Our pussies are not that complicated

Perfectly well said. Cleaning our pussy can be done many ways and should not be a big topic of discussion. Unless you are looking for tips to more sexually clean like eating her after cumming in her.
You are catastrophically over-thinking this, and asking a bunch of pornographers, perverts and fetish-meisters for advice is just silly.

A box of tissues by the bed is all you need. The way it works is this - you make a nice bit of love, you come inside her. You give her a cuddle, she rolls on her side. When she gets up for a pee, she grabs two tissues, and wipes herself after she's done. When she's out of bed, you shift to the wet spot, because that's what a gentleman does.

You're not doing open heart surgery, you're not going to come in gallons. Have you not looked at the condom? A teaspoon or so, that's all there is. All this waffle about towels and warm flannels and changing the sheets, what the fuck? You're not cleaning up after a murder, you're not dealing with toxic waste!

Besides, your girl friend has a poo every day, a pee several times a day, and once a month, handles her period. Why you think she's going to freak out with your thimble full of cum is beyond me. If it drops on her skin, just rub it in like a hand cream.

I suspect that your main concern, to be honest, is how to last more than fifteen or twenty seconds, because when that condom comes off you're going to be more sensitive; and you sound a little...ummm... inexperienced at this sex stuff.

Hopefully she has a sense of humour - but if you come too quickly, you get the cuddle while she smiles fondly at her silly boy.

Hint - do NOT use porn for Sex-Ed 101, it's clearly giving you misinformation. Also, getting "advice" from jokers here is only going to increase your anxiety... so make that ten seconds ;).

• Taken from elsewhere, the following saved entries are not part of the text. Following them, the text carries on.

(* Consider any state (the tree held by some replica at some time in some execution) of FugueMax, respectively of Fugue, and let $\prec$ be its list order (the traversal order including tombstones). Then: (a) For any element $D$ in the state, the left origin of $D$ is obtained as follows: starting at $D$, walk up the tree until reaching a node that is a right child of its parent; the parent of that node is $D$'s left origin (the root corresponding to $\mathit{start}$). (b) For elements $A,B$ in the state with $A\prec B$: $B$ is a descendant of $A$ in the FugueMax (respectively Fugue) tree if and only if $B$ is a descendant of $A$ in the left-origin tree.
   Context: Replicated list model: a list is replicated over replicas with unique, totally ordered replica IDs. A replica may invoke $\mathsf{insert}(i,x)$ or $\mathsf{delete}(i)$; operations are applied locally immediately and disseminated by causal broadcast (every message eventually delivered everywhere; a message is delivered only after all messages delivered at its sender before it was sent; the sender delivers its own message immediately). The left origin of an element inserted by $\mathsf{insert}(i,x)$ is the element at index $i-1$ of the inserting replica's visible list at that time, or the symbol $\mathit{start}$ if $i=0$; the left-origin tree is the tree rooted at $\mathit{start}$ in which each element's parent is its left origin. Fugue: each replica's state is a tree with a root; each non-root node has a unique ID, a value (or tombstone $\bot$), a parent, and a side ($L$ or $R$); a node may have several left and several right children. IDs are pairs $(\text{replicaID},\text{counter})$ ordered lexicographically. Traversal of node $v$: traverse its left children in sibling order, visit $v$, traverse its right children in sibling order; in Fugue siblings of the same side are ordered by increasing ID. The traversal including tombstones of the whole tree gives the list order; the visible list consists of the nodes with value $\neq\bot$. $\mathsf{insert}(i,x)$: new ID $(\text{replicaID},\text{counter})$, increment counter; leftOrigin = node of the $(i-1)$-th visible element or the root if $i=0$; rightOrigin = node immediately after leftOrigin in the traversal including tombstones (or $\mathit{end}$ if none). If leftOrigin has no right child, the new node is a right child of leftOrigin, otherwise a left child of rightOrigin; the node is broadcast and each replica on delivery inserts it as the given child. $\mathsf{delete}(i)$: broadcast the ID of the $i$-th visible node; on delivery its value is set to $\bot$. FugueMax: identical to Fugue except that each right child also records its rightOrigin, and right-side siblings are ordered in the reverse of the list order of their right origins (sibling with the later right origin first, $\mathit{end}$ counting as later than every node), ties (equal right origins) broken by increasing ID. Left-side siblings are still ordered by increasing ID. *)

theory Defs
  imports Main "HOL-Library.Product_Lexorder"
begin
(* Let $G$ be a finite group such that the identity element is the only vertex of the power graph $\mathscr{G}(G)$ adjacent to all other vertices. Then $\mathscr{G}(G)$ is not overfull.
   Context: For a finite group $G$, the power graph $\mathscr{G}(G)$ is the simple graph with vertex set the elements of $G$, in which two distinct elements $a,b$ are adjacent if and only if one is a power of the other. For a finite simple graph $\Gamma$ on $n$ vertices with maximum vertex degree $\Delta(\Gamma)$, $\Gamma$ is called overfull if $|E(\Gamma)| / \lfloor n/2 \rfloor > \Delta(\Gamma)$. *)

theory Defs
  imports Complex_Main "HOL-Algebra.Group"
begin

text \<open>Adjacency in the power graph: distinct elements, one a (natural) power of the other.
  In a finite group, integer powers coincide with natural powers.\<close>
definition pg_adj :: "('a, 'b) monoid_scheme \<Rightarrow> 'a \<Rightarrow> 'a \<Rightarrow> bool" where
  "pg_adj G a b \<longleftrightarrow> a \<in> carrier G \<and> b \<in> carrier G \<and> a \<noteq> b \<and>
     ((\<exists>k::nat. a = b [^]\<^bsub>G\<^esub> k) \<or> (\<exists>k::nat. b = a [^]\<^bsub>G\<^esub> k))"

definition pg_edges :: "('a, 'b) monoid_scheme \<Rightarrow> 'a set set" where
  "pg_edges G = {{a, b} | a b. pg_adj G a b}"

definition pg_degree :: "('a, 'b) monoid_scheme \<Rightarrow> 'a \<Rightarrow> nat" where
  "pg_degree G v = card {w \<in> carrier G. pg_adj G v w}"

definition pg_max_degree :: "('a, 'b) monoid_scheme \<Rightarrow> nat" where
  "pg_max_degree G = Max (pg_degree G ` carrier G)"

definition pg_overfull :: "('a, 'b) monoid_scheme \<Rightarrow> bool" where
  "pg_overfull G \<longleftrightarrow>
     real (card (pg_edges G)) / real (card (carrier G) div 2) > real (pg_max_degree G)"

definition pg_dominating :: "('a, 'b) monoid_scheme \<Rightarrow> 'a set" where
  "pg_dominating G = {v \<in> carrier G. \<forall>w \<in> carrier G. w \<noteq> v \<longrightarrow> pg_adj G v w}"

end

theory Submission
  imports Defs
begin

text \<open>Only the graph structure of the power graph matters: counting adjacent ordered pairs,
  the unique dominating vertex has degree \<open>n - 1\<close> and every other vertex has degree at most
  \<open>n - 2\<close>, so \<open>2 |E| \<le> (n - 1) + (n - 1)(n - 2) = (n - 1)\<^sup>2\<close>.  Since \<open>n - 1 \<le> 2 \<lfloor>n/2\<rfloor>\<close>,
  this gives \<open>|E| \<le> (n - 1) \<lfloor>n/2\<rfloor> = \<Delta> \<lfloor>n/2\<rfloor>\<close>.\<close>

lemma card_pairs_eq_twice_card_doubletons:
  fixes E :: "'a \<Rightarrow> 'a \<Rightarrow> bool"
  assumes fin: "finite {(a, b). E a b}" and "symp E" and "irreflp E"
  shows "card {(a, b). E a b} = 2 * card {{a, b} | a b. E a b}"
proof -
  let ?P = "{(a, b). E a b}" and ?edge = "\<lambda>(a, b). {a, b}"
  have edges: "?edge ` ?P = {{a, b} | a b. E a b}" by auto
  have fibre: "card {p \<in> ?P. ?edge p = e} = 2" if "e \<in> ?edge ` ?P" for e
  proof -
    obtain x y where "E x y" and e: "e = {x, y}" using \<open>e \<in> ?edge ` ?P\<close> by auto
    then have "x \<noteq> y" "E y x"
      using \<open>irreflp E\<close> \<open>symp E\<close> by (auto dest: irreflpD sympD)
    with \<open>E x y\<close> have "{p \<in> ?P. ?edge p = e} = {(x, y), (y, x)}"
      by (auto simp: e doubleton_eq_iff)
    with \<open>x \<noteq> y\<close> show ?thesis by simp
  qed
  have "card ?P = (\<Sum>e \<in> ?edge ` ?P. card {p \<in> ?P. ?edge p = e})"
    unfolding card_eq_sum by (rule sum.image_gen[OF fin])
  also have "\<dots> = 2 * card {{a, b} | a b. E a b}"
    using fibre by (simp add: edges)
  finally show ?thesis .
qed

lemma handshake:
  fixes E :: "'a \<Rightarrow> 'a \<Rightarrow> bool"
  assumes "finite V" and "\<And>a b. E a b \<Longrightarrow> a \<in> V \<and> b \<in> V" and "symp E" and "irreflp E"
  shows "2 * card {{a, b} | a b. E a b} = (\<Sum>v\<in>V. card {w \<in> V. E v w})"
proof -
  have pairs: "{(a, b). E a b} = Sigma V (\<lambda>v. {w \<in> V. E v w})"
    using assms(2) by auto
  then have "finite {(a, b). E a b}" using \<open>finite V\<close> by simp
  then show ?thesis
    using card_pairs_eq_twice_card_doubletons[OF _ \<open>symp E\<close> \<open>irreflp E\<close>] pairs \<open>finite V\<close>
    by simp
qed

lemma pg_handshake:
  assumes "finite (carrier G)"
  shows "2 * card (pg_edges G) = (\<Sum>v\<in>carrier G. pg_degree G v)"
  unfolding pg_edges_def pg_degree_def
  by (rule handshake[OF assms]) (auto simp: pg_adj_def intro: sympI irreflpI)

lemma pg_degree_dominating:
  assumes "finite (carrier G)" and "v \<in> pg_dominating G"
  shows "pg_degree G v = card (carrier G) - 1"
proof -
  have "{w \<in> carrier G. pg_adj G v w} = carrier G - {v}"
    using assms(2) by (auto simp: pg_dominating_def pg_adj_def)
  with assms show ?thesis by (simp add: pg_degree_def pg_dominating_def)
qed

lemma pg_degree_not_dominating:
  assumes "finite (carrier G)" and "v \<in> carrier G" and "v \<notin> pg_dominating G"
  shows "pg_degree G v \<le> card (carrier G) - 2"
proof -
  obtain w where w: "w \<in> carrier G" "w \<noteq> v" "\<not> pg_adj G v w"
    using assms(2,3) by (auto simp: pg_dominating_def)
  then have "{w \<in> carrier G. pg_adj G v w} \<subseteq> carrier G - {v, w}"
    by (auto simp: pg_adj_def)
  then have "pg_degree G v \<le> card (carrier G - {v, w})"
    unfolding pg_degree_def using assms(1) by (simp add: card_mono)
  also have "\<dots> = card (carrier G) - 2"
    using assms(1,2) w by (simp add: card_Diff_subset)
  finally show ?thesis .
qed

lemma pg_degree_le_max_degree:
  assumes "finite (carrier G)" and "v \<in> carrier G"
  shows "pg_degree G v \<le> pg_max_degree G"
  unfolding pg_max_degree_def using assms by simp

lemma card_pg_edges_bound_unique_dominating:
  assumes fin: "finite (carrier G)" and dom: "pg_dominating G = {u}"
  shows "2 * card (pg_edges G) \<le> (card (carrier G) - 1)\<^sup>2"
proof -
  let ?n = "card (carrier G)"
  have u: "u \<in> carrier G" using dom by (auto simp: pg_dominating_def)
  then obtain m where m: "?n = Suc m" using fin by (cases ?n) auto
  have "2 * card (pg_edges G) = pg_degree G u + (\<Sum>v\<in>carrier G - {u}. pg_degree G v)"
    using pg_handshake[OF fin] u fin by (simp add: sum.remove)
  also have "\<dots> \<le> (?n - 1) + (\<Sum>v\<in>carrier G - {u}. ?n - 2)"
    using pg_degree_dominating[OF fin, of u] pg_degree_not_dominating[OF fin] dom
    by (intro add_mono sum_mono) auto
  also have "\<dots> = (?n - 1) + (?n - 1) * (?n - 2)"
    using u fin by simp
  also have "\<dots> = (?n - 1)\<^sup>2"
    unfolding m by (cases m) (simp_all add: power2_eq_square)
  finally show ?thesis .
qed

lemma not_pg_overfull_if_card_edges_le:
  assumes "card (pg_edges G) \<le> pg_max_degree G * (card (carrier G) div 2)"
  shows "\<not> pg_overfull G"
proof -
  have "real (card (pg_edges G)) \<le> real (pg_max_degree G) * real (card (carrier G) div 2)"
    using assms of_nat_mono by fastforce
  then show ?thesis
    by (cases "card (carrier G) div 2 = 0") (simp_all add: pg_overfull_def divide_le_eq not_less)
qed

lemma not_pg_overfull_unique_dominating:
  assumes fin: "finite (carrier G)" and dom: "pg_dominating G = {u}"
  shows "\<not> pg_overfull G"
proof (rule not_pg_overfull_if_card_edges_le)
  let ?n = "card (carrier G)"
  have u: "u \<in> carrier G" "u \<in> pg_dominating G" using dom by (auto simp: pg_dominating_def)
  have max_degree: "?n - 1 \<le> pg_max_degree G"
    using pg_degree_le_max_degree[OF fin u(1)] pg_degree_dominating[OF fin u(2)] by simp
  have "2 * card (pg_edges G) \<le> (?n - 1) * (?n - 1)"
    using card_pg_edges_bound_unique_dominating[OF assms] by (simp add: power2_eq_square)
  also have "\<dots> \<le> (?n - 1) * (2 * (?n div 2))"
    by (intro mult_le_mono2) auto
  finally have "card (pg_edges G) \<le> (?n - 1) * (?n div 2)" by simp
  also have "\<dots> \<le> pg_max_degree G * (?n div 2)"
    using max_degree by (rule mult_le_mono1)
  finally show "card (pg_edges G) \<le> pg_max_degree G * (?n div 2)" .
qed

theorem mainTheorem5:
  fixes G :: "('a, 'b) monoid_scheme"
  assumes "group G"
    and "finite (carrier G)"
    and "pg_dominating G = {\<one>\<^bsub>G\<^esub>}"
  shows "\<not> pg_overfull G"
  using not_pg_overfull_unique_dominating[OF assms(2,3)] .

end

I don't know if this thread is the saddest thing I've seen in a while, or the sweetest.

Dude, it'll be fine, just relax.

But don't even think about anal.
 
I've been thinking about this all day and honestly I think the Shamwow can be a serious suggestion as well.

I am picturing Vince Offer by the bed, narrating as they go along. Maybe he can work the Slap Chop into there too!
 
What sort of contortionist could get the windshield stained? Then again, I heard about someone who got her foot stuck in a steering wheel. That's why the back seat was better.

I once got stuck upside down in the driver's seat. I was picking my daughter up from school. Did that one all on my own. She was mortified. I was laughing my head off.